Rename Databases During Restore
taosdump -h my-server -i /root/backup/ -W "db1->db1_restored|db2->db2_restored"
Restore db1 in the backup as db1_restored and db2 as db2_restored. This is useful for testing, validation, or parallel environments.
Resumable Restore
taosdump -h my-server -i /root/backup/ -C
Restore also supports resumable execution. When rerun, it automatically skips data files that have already been restored successfully.
Restore When the Schema Has Changed
During restore, taosdump automatically detects schema differences between the backup and the current target server.
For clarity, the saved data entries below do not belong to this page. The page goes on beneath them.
(* Let $\alpha,\beta$ satisfy $0<\alpha<\beta<1$ and $\beta>2\sqrt{3\alpha}$. Then $\mathsf{unitaryBQP}_\alpha\neq\mathsf{unitaryBQP}_\beta$.
   Context: A partial isometry is $U=\tilde U\Pi$ with $\Pi$ a projector and $\tilde U$ an isometry; a channel completion of $U$ is a channel $\Phi$ with $\Phi(\Pi\rho\Pi)=U\Pi\rho\Pi U^\dagger$ for all $\rho$. A unitary synthesis problem is a sequence $\mathscr U=(U_x)_{x\in\{0,1\}^*}$ of partial isometries. A circuit family $(C_x)_x$ implements $\mathscr U$ with worst-case error $\delta$ if for every $x$ there is a channel completion $\Phi_x$ of $U_x$ with $\|C_x-\Phi_x\|_\diamond\le\delta(|x|)$ (diamond norm). $\mathsf{unitaryBQP}_\delta$ is the set of unitary synthesis problems implementable with worst-case error $\delta$ by a uniform polynomial-time quantum algorithm, i.e. a family of polynomial-size general quantum circuits (gates $H,\mathit{CNOT},T$, ancilla introduction, tracing out, standard-basis measurement) whose descriptions are computed from $x$ by a classical polynomial-time Turing machine. *)

theory Defs
  imports "Jordan_Normal_Form.Matrix" Complex_Main
begin

definition adj :: "complex mat \<Rightarrow> complex mat" where
  "adj A = mat (dim_col A) (dim_row A) (\<lambda>(i,j). cnj (A $$ (j,i)))"

definition mtrace :: "complex mat \<Rightarrow> complex" where
  "mtrace A = (\<Sum>i<dim_row A. A $$ (i,i))"

definition cvec_conj :: "complex vec \<Rightarrow> complex vec" where
  "cvec_conj v = vec (dim_vec v) (\<lambda>i. cnj (v $ i))"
If the target super table has a different column set than the backup, such as added or removed columns, taosdump calculates the common columns and performs partial-column writes automatically to ensure safe data restoration without manual intervention.
Adjust Batch Size to Avoid WAL Overflow
taosdump -h my-server -i /root/backup/ -B 2000
If you encounter a WAL size exceeds limit error during restore, reduce the number of rows written in each batch with -B.
Connect to TDengine Cloud
taosdump -i /root/backup/ -X "https://cloud-host?token=<TOKEN>"
Restore data through a DSN connection to TDengine Cloud. The driver automatically switches to WebSocket.
Enter the Connection Password
If no password option is specified, taosdump uses the default password taosdata. To enter a password, the recommended method is interactive input, which avoids exposing the password in shell history or process lists:
taosdump -u root -p -D test -o /root/backup/
You can also use the long option to enter the password interactively:
taosdump -u root --password -D test -o /root/backup/
To specify the password directly on the command line, the short option must be followed by the password without a space:
taosdump -u root -ptaosdata -D test -o /root/backup/
For the long option, use the equals-sign form:
taosdump -u root --password=taosdata -D test -o /root/backup/
The following forms are not supported. taosdump treats them as password option usage errors:
taosdump -u root -p taosdata -D test -o /root/backup/
taosdump -u root --password taosdata -D test -o /root/backup/
If you need to enter the password interactively and specify the database name as a positional argument, use -- to explicitly end option parsing, or use -D to specify the database. Using -D is recommended:
taosdump -u root -p -D test -o /root/backup/
New Version Behavior Changes
Performance Improvement
| Tool | Backup | Restore |
|---|---|---|
| Old version (baseline) | 1x | 1x |
| New version | 5x | 3x |
Backup Data Compression Improvement
| Tool | Storage Format | Relative Size |
|---|---|---|
| Old version (baseline) | Row-store | 100% |
| New version | Columnar | 42% |
New Features
- Resumable execution (checkpoint)
- Export to Parquet format
- STMT2 import
- Multi-threaded metadata backup
- Restore only specified databases
- Brand-new display interface
- Optimized backup/restore performance for multi-table low-frequency scenarios
The new version supports the vast majority of old version command-line parameters (with a few exceptions).